BEGIN INPUT FOR THIS TASK
lemma line_trace_interval:
  assumes "a \<noteq> b" "interval_seg a b s \<or> perm_seg a b s" "c = a \<or> c = b"
  shows "\<exists>lo hi. line_trace c s = {lo..hi}"
proof -
  obtain x0 y0 x1 y1 where s: "s = ((x0, y0), (x1, y1))"
    by (metis prod.collapse)
  consider "y0 = c" "y1 = c" | "y0 = c" "y1 \<noteq> c" | "y0 \<noteq> c" "y1 = c" | "y0 = y1" "y0 \<noteq> c"
    using assms by (auto simp: s interval_seg_def perm_seg_def)
  then show ?thesis
  proof cases
    case 1
    then have "line_trace c s = {min x0 x1..max x0 x1}"
      by (simp add: s line_trace_horizontal closed_segment_real_min_max)
    then show ?thesis by blast
  next
    case 2
    then show ?thesis
      using line_trace_transversal[of c y1 x0 x1] by (simp add: s) (metis atLeastAtMost_singleton)
  next
    case 3
    then show ?thesis
      using line_trace_transversal[of c y0 x1 x0] line_trace_swap[of c]
      by (simp add: s) (metis atLeastAtMost_singleton)
  next
    case 4
    then have "line_trace c s = {1..0}"
      using line_trace_other_line[of y0 c x0 x1] by (simp add: s)
    then show ?thesis by blast
  qed
qed

lemma horizontal_Int_eq_empty_iff:
  "seg_set ((x0, c), (x1, c)) \<inter> seg_set s = {} \<longleftrightarrow> closed_segment x0 x1 \<inter> line_trace c s = {}"
  by (force simp: seg_set_horizontal line_trace_def)

lemma horizontal_subset_iff:
  "seg_set ((x0, c), (x1, c)) \<subseteq> seg_set ((y0, c), (y1, c)) \<longleftrightarrow>
   closed_segment x0 x1 \<subseteq> closed_segment y0 y1"
proof
  assume sub: "seg_set ((x0, c), (x1, c)) \<subseteq> seg_set ((y0, c), (y1, c))"
  show "closed_segment x0 x1 \<subseteq> closed_segment y0 y1"
  proof
    fix x assume "x \<in> closed_segment x0 x1"
    then have "(x, c) \<in> seg_set ((x0, c), (x1, c))"
      by (simp add: seg_set_horizontal)
    with sub have "(x, c) \<in> seg_set ((y0, c), (y1, c))"
      by blast
    then show "x \<in> closed_segment y0 y1"
      by (simp add: seg_set_horizontal)
  qed
qed (auto simp: seg_set_horizontal)

lemma interval_seg_not_perm_seg: "a \<noteq> b \<Longrightarrow> interval_seg a b s \<Longrightarrow> \<not> perm_seg a b s"
  by (auto simp: interval_seg_def perm_seg_def)

lemma interval_segE:
  assumes "interval_seg a b s"
  obtains x0 x1 c where "s = ((x0, c), (x1, c))" "c = a \<or> c = b"
  using assms unfolding interval_seg_def by (metis prod.collapse)

lemma interval_seg_horizontal: "c = a \<or> c = b \<Longrightarrow> interval_seg a b ((x0, c), (x1, c))"
  by (auto simp: interval_seg_def)

lemma interval_seg_union:
  assumes "interval_seg a b X" "interval_seg a b Y" "seg_set X \<inter> seg_set Y \<noteq> {}"
  obtains Z where "interval_seg a b Z" "seg_set Z = seg_set X \<union> seg_set Y"
proof -
  obtain x0 x1 c where X: "X = ((x0, c), (x1, c))" "c = a \<or> c = b"
    using assms(1) by (rule interval_segE)
  obtain y0 y1 e where Y: "Y = ((y0, e), (y1, e))"
    using assms(2) by (rule interval_segE)
  have "e = c"
    using assms(3) by (auto simp: X Y seg_set_horizontal)
  define lo where "lo = min (min x0 x1) (min y0 y1)"
  define hi where "hi = max (max x0 x1) (max y0 y1)"
  have "closed_segment x0 x1 \<inter> closed_segment y0 y1 \<noteq> {}"
    using assms(3) by (auto simp: X Y \<open>e = c\<close> seg_set_horizontal)
  then have "closed_segment lo hi = closed_segment x0 x1 \<union> closed_segment y0 y1"
    unfolding lo_def hi_def closed_segment_real_min_max by (auto simp: min_def max_def)
  then have "seg_set ((lo, c), (hi, c)) = seg_set X \<union> seg_set Y"
    by (auto simp: X Y \<open>e = c\<close> seg_set_horizontal)
  with X(2) that show ?thesis
    using interval_seg_horizontal by blast
qed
END INPUT FOR THIS TASK
● **WHAT YOU WILL DO**: Give again exactly, and only, the lines above starting at the one with "c = b \<Longrightarrow>" and ending at the one with "define lo where".

● **RESPONSE AREA**:
lemma interval_seg_horizontal: "c = a \<or> c = b \<Longrightarrow> interval_seg a b ((x0, c), (x1, c))"
  by (auto simp: interval_seg_def)

lemma interval_seg_union:
  assumes "interval_seg a b X" "interval_seg a b Y" "seg_set X \<inter> seg_set Y \<noteq> {}"
  obtains Z where "interval_seg a b Z" "seg_set Z = seg_set X \<union> seg_set Y"
proof -
  obtain x0 x1 c where X: "X = ((x0, c), (x1, c))" "c = a \<or> c = b"
    using assms(1) by (rule interval_segE)
  obtain y0 y1 e where Y: "Y = ((y0, e), (y1, e))"
    using assms(2) by (rule interval_segE)
  have "e = c"
    using assms(3) by (auto simp: X Y seg_set_horizontal)
  define lo where "lo = min (min x0 x1) (min y0 y1)"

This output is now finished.